• Task item
When you reach the line in the data below that contains "using assms(1) by", please start repeating lines exactly, and stop after the line that contains "hankel r1 c", repeating nothing else.

(Collected data entries)

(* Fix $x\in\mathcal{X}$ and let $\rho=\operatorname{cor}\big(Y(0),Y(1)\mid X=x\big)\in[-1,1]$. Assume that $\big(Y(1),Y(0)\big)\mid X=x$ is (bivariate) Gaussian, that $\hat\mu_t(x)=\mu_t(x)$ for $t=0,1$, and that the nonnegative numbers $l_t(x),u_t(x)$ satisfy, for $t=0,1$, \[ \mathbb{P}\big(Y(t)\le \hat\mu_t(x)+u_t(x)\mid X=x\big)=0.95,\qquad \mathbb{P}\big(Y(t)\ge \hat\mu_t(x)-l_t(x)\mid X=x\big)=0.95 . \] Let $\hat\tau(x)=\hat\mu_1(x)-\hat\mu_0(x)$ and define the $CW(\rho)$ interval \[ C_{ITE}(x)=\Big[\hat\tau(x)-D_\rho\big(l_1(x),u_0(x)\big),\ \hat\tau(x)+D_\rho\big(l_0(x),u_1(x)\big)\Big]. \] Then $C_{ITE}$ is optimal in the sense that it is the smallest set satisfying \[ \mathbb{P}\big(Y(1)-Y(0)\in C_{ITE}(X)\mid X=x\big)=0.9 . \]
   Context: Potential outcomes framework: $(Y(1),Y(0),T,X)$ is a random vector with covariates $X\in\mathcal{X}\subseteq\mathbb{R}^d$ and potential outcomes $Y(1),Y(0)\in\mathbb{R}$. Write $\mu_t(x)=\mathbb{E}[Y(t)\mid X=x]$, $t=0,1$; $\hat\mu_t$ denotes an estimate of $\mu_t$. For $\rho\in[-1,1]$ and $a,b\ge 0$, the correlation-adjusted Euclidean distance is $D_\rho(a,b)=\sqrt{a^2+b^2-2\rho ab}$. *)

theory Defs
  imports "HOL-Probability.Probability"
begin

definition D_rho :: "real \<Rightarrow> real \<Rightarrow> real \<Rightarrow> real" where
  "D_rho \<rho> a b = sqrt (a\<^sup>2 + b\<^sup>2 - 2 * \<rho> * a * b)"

---

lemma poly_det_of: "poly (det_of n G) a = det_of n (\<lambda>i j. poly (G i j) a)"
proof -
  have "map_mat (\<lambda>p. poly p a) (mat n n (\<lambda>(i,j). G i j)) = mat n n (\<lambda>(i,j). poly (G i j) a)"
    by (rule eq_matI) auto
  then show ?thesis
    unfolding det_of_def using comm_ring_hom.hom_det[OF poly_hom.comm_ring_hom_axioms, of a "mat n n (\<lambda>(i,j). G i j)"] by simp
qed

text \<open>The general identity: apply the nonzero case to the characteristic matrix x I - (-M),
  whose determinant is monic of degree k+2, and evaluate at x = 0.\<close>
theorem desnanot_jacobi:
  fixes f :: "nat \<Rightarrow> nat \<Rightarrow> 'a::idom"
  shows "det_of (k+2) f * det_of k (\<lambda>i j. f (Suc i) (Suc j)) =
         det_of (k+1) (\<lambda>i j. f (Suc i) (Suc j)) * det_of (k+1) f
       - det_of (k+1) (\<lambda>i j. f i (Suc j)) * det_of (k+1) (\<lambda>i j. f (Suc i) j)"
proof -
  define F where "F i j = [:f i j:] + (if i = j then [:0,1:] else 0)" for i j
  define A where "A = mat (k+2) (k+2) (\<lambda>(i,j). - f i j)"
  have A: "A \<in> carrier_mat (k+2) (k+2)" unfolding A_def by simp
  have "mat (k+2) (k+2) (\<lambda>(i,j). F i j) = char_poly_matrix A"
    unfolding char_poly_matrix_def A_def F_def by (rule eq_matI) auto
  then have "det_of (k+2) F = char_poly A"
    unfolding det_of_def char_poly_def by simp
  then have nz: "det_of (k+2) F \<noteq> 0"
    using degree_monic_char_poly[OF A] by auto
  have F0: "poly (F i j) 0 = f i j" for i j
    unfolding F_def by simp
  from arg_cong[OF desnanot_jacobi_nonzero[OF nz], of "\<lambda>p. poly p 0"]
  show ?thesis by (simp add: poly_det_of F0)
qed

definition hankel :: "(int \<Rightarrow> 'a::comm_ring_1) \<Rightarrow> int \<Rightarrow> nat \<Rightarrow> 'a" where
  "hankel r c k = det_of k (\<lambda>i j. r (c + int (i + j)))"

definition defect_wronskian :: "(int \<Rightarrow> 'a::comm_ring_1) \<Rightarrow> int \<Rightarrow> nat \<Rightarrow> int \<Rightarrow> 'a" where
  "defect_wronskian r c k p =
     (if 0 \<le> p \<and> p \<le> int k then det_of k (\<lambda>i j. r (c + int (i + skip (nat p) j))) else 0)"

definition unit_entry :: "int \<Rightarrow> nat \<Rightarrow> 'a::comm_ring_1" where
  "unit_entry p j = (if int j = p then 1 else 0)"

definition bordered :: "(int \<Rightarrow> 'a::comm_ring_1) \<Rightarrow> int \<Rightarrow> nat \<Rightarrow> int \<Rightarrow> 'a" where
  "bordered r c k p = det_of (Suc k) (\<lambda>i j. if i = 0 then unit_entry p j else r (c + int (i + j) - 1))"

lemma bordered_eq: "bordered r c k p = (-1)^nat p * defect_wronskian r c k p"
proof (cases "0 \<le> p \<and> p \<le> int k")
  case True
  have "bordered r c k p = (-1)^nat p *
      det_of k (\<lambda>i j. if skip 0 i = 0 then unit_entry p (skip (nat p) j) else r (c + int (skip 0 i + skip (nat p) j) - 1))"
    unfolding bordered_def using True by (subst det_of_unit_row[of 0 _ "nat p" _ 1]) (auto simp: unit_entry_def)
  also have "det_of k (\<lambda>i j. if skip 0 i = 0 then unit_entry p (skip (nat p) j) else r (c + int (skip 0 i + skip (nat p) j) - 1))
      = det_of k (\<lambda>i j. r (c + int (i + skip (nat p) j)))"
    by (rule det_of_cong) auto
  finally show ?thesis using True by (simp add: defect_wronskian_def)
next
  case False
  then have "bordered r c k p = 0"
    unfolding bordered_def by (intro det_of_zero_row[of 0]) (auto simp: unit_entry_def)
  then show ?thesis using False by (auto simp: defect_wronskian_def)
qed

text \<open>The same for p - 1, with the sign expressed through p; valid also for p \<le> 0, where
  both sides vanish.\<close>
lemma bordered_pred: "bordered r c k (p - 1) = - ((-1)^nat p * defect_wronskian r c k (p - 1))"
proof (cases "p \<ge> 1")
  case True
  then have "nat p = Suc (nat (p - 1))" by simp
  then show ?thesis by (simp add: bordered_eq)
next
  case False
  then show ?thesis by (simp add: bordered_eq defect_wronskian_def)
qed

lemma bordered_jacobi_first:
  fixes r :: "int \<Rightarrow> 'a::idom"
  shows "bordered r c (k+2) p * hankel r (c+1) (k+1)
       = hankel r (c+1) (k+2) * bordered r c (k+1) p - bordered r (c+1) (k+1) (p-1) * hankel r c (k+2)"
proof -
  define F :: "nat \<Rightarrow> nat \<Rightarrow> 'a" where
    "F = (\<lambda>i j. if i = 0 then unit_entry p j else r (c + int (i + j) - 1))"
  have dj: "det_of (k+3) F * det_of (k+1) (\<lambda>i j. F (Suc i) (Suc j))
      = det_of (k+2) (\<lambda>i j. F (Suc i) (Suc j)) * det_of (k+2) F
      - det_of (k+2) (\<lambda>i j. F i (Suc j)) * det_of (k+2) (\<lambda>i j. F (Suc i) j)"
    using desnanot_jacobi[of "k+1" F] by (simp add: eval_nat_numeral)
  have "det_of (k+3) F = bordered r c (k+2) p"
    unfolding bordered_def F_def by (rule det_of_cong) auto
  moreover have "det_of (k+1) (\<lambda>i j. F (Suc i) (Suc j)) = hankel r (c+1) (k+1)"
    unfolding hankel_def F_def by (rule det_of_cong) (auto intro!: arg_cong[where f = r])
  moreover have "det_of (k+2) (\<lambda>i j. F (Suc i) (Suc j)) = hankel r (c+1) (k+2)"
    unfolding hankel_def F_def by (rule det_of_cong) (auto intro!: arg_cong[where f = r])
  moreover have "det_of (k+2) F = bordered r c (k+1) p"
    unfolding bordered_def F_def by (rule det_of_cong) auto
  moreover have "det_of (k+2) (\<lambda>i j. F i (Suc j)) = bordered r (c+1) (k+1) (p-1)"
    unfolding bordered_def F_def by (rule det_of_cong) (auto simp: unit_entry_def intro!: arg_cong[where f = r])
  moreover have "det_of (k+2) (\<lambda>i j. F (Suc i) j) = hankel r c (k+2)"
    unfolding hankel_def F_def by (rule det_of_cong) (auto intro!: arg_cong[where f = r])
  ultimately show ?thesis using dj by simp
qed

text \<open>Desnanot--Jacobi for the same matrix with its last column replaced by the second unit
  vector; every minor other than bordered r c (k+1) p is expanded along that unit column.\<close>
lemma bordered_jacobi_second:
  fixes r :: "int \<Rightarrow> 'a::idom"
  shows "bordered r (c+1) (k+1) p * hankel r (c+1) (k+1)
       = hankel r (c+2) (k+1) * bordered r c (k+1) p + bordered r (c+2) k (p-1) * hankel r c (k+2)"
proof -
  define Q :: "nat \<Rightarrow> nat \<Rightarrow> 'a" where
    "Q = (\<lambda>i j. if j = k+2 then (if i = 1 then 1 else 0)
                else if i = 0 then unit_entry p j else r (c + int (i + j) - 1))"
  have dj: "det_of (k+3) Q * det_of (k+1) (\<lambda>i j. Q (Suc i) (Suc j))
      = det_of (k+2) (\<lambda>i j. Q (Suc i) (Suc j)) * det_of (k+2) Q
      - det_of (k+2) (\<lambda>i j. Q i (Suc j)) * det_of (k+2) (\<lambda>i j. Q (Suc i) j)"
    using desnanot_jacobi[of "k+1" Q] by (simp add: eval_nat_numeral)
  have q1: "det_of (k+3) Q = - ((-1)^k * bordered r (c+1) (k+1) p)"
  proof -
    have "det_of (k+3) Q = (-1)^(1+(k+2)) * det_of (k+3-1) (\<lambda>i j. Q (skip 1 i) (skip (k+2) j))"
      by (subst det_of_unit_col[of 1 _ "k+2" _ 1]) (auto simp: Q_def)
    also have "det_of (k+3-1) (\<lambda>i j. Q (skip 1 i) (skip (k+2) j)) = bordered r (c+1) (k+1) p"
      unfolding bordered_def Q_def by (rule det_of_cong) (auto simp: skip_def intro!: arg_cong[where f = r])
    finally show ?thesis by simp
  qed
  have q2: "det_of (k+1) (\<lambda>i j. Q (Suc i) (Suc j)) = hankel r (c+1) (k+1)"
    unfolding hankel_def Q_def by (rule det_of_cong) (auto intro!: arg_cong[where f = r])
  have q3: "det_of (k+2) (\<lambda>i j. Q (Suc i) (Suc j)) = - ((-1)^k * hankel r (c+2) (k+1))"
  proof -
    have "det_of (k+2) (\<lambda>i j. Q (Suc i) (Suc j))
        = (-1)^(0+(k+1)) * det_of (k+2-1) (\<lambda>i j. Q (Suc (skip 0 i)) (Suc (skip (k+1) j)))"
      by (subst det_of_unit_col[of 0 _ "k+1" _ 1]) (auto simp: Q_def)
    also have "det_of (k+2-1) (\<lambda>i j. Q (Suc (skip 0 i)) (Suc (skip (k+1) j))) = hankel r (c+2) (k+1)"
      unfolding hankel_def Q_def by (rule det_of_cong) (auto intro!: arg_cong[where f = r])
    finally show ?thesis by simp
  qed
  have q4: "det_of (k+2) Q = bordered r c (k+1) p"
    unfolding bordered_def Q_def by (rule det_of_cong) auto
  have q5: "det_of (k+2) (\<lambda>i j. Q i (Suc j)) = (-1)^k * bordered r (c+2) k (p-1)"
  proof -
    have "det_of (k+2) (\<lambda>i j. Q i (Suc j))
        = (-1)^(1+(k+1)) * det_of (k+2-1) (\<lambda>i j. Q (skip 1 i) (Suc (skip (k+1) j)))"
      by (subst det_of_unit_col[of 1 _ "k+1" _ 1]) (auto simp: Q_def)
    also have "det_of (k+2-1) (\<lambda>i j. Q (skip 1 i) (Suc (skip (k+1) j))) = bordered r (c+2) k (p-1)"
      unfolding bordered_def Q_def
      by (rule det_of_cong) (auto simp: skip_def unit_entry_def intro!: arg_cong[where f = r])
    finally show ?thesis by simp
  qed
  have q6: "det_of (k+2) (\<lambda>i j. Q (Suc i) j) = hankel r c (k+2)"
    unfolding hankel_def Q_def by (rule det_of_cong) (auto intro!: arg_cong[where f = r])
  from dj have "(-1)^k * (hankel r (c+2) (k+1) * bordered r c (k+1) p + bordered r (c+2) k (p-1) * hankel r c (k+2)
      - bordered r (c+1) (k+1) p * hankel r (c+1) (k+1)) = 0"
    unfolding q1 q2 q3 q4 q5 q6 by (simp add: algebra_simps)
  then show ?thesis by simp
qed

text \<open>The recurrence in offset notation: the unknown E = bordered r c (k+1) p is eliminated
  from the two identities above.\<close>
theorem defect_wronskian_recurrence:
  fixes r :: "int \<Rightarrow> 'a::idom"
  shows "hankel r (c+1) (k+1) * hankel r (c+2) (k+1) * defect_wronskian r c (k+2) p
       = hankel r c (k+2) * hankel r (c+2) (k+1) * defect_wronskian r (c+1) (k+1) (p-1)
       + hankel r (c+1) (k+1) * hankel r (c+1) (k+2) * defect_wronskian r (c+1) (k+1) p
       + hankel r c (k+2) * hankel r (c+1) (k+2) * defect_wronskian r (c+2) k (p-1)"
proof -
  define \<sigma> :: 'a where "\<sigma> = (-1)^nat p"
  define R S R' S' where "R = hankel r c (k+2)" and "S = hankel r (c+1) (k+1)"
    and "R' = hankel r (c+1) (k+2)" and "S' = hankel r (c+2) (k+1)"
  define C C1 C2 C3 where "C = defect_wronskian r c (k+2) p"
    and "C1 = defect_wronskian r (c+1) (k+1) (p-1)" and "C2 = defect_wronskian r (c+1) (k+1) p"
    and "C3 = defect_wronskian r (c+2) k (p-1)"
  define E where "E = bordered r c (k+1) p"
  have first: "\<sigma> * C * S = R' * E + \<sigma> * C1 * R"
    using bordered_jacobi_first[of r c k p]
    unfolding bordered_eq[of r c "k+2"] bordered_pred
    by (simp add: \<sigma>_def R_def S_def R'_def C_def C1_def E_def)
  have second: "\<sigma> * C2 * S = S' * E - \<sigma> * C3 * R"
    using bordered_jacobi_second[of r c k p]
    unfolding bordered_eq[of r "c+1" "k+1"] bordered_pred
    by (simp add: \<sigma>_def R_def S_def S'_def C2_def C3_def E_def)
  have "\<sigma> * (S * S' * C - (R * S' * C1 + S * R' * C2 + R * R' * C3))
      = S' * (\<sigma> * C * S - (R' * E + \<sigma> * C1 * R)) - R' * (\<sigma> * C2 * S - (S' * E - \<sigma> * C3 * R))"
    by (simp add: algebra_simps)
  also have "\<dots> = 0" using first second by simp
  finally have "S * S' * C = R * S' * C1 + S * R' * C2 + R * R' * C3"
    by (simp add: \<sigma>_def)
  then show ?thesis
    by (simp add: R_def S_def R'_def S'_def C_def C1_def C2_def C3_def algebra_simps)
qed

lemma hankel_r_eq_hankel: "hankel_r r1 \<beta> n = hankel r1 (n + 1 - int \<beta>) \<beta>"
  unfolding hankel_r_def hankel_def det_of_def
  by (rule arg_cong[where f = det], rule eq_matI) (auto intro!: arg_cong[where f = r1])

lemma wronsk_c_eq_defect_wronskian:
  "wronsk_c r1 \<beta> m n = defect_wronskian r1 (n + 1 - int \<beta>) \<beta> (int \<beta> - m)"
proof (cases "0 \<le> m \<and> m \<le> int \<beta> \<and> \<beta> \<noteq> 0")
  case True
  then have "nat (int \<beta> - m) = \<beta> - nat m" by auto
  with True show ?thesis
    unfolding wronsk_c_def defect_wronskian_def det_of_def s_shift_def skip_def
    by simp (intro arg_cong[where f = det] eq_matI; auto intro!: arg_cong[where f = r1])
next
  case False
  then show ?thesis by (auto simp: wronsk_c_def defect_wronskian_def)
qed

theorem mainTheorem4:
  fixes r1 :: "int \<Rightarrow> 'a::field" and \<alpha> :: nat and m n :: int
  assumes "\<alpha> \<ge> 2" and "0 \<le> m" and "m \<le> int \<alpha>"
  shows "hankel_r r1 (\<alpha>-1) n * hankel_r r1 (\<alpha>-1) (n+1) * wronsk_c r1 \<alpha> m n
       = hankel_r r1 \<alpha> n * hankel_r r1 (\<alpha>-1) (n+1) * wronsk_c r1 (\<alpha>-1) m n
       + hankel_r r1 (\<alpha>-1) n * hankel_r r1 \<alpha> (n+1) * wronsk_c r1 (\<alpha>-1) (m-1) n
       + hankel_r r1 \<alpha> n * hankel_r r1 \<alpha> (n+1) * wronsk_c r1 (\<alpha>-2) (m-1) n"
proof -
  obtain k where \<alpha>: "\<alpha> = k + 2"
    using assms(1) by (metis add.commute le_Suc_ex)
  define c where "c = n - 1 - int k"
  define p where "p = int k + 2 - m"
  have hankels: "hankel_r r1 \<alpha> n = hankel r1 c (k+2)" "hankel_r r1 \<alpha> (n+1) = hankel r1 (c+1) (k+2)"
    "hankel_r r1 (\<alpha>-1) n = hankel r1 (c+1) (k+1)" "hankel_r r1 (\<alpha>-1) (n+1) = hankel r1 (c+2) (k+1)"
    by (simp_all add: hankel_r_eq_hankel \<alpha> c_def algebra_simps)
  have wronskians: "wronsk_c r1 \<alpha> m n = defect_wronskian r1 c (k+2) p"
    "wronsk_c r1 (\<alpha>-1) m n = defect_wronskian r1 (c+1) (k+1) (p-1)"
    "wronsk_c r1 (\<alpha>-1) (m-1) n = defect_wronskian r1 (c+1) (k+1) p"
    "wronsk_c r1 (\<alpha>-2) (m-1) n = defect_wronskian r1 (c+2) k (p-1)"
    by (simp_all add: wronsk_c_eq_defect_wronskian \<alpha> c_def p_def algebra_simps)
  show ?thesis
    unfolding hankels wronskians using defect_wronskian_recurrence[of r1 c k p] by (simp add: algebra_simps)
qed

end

• Task answer
    using assms(1) by (metis add.commute le_Suc_ex)
  define c where "c = n - 1 - int k"
  define p where "p = int k + 2 - m"
  have hankels: "hankel_r r1 \<alpha> n = hankel r1 c (k+2)" "hankel_r r1 \<alpha> (n+1) = hankel r1 (c+1) (k+2)"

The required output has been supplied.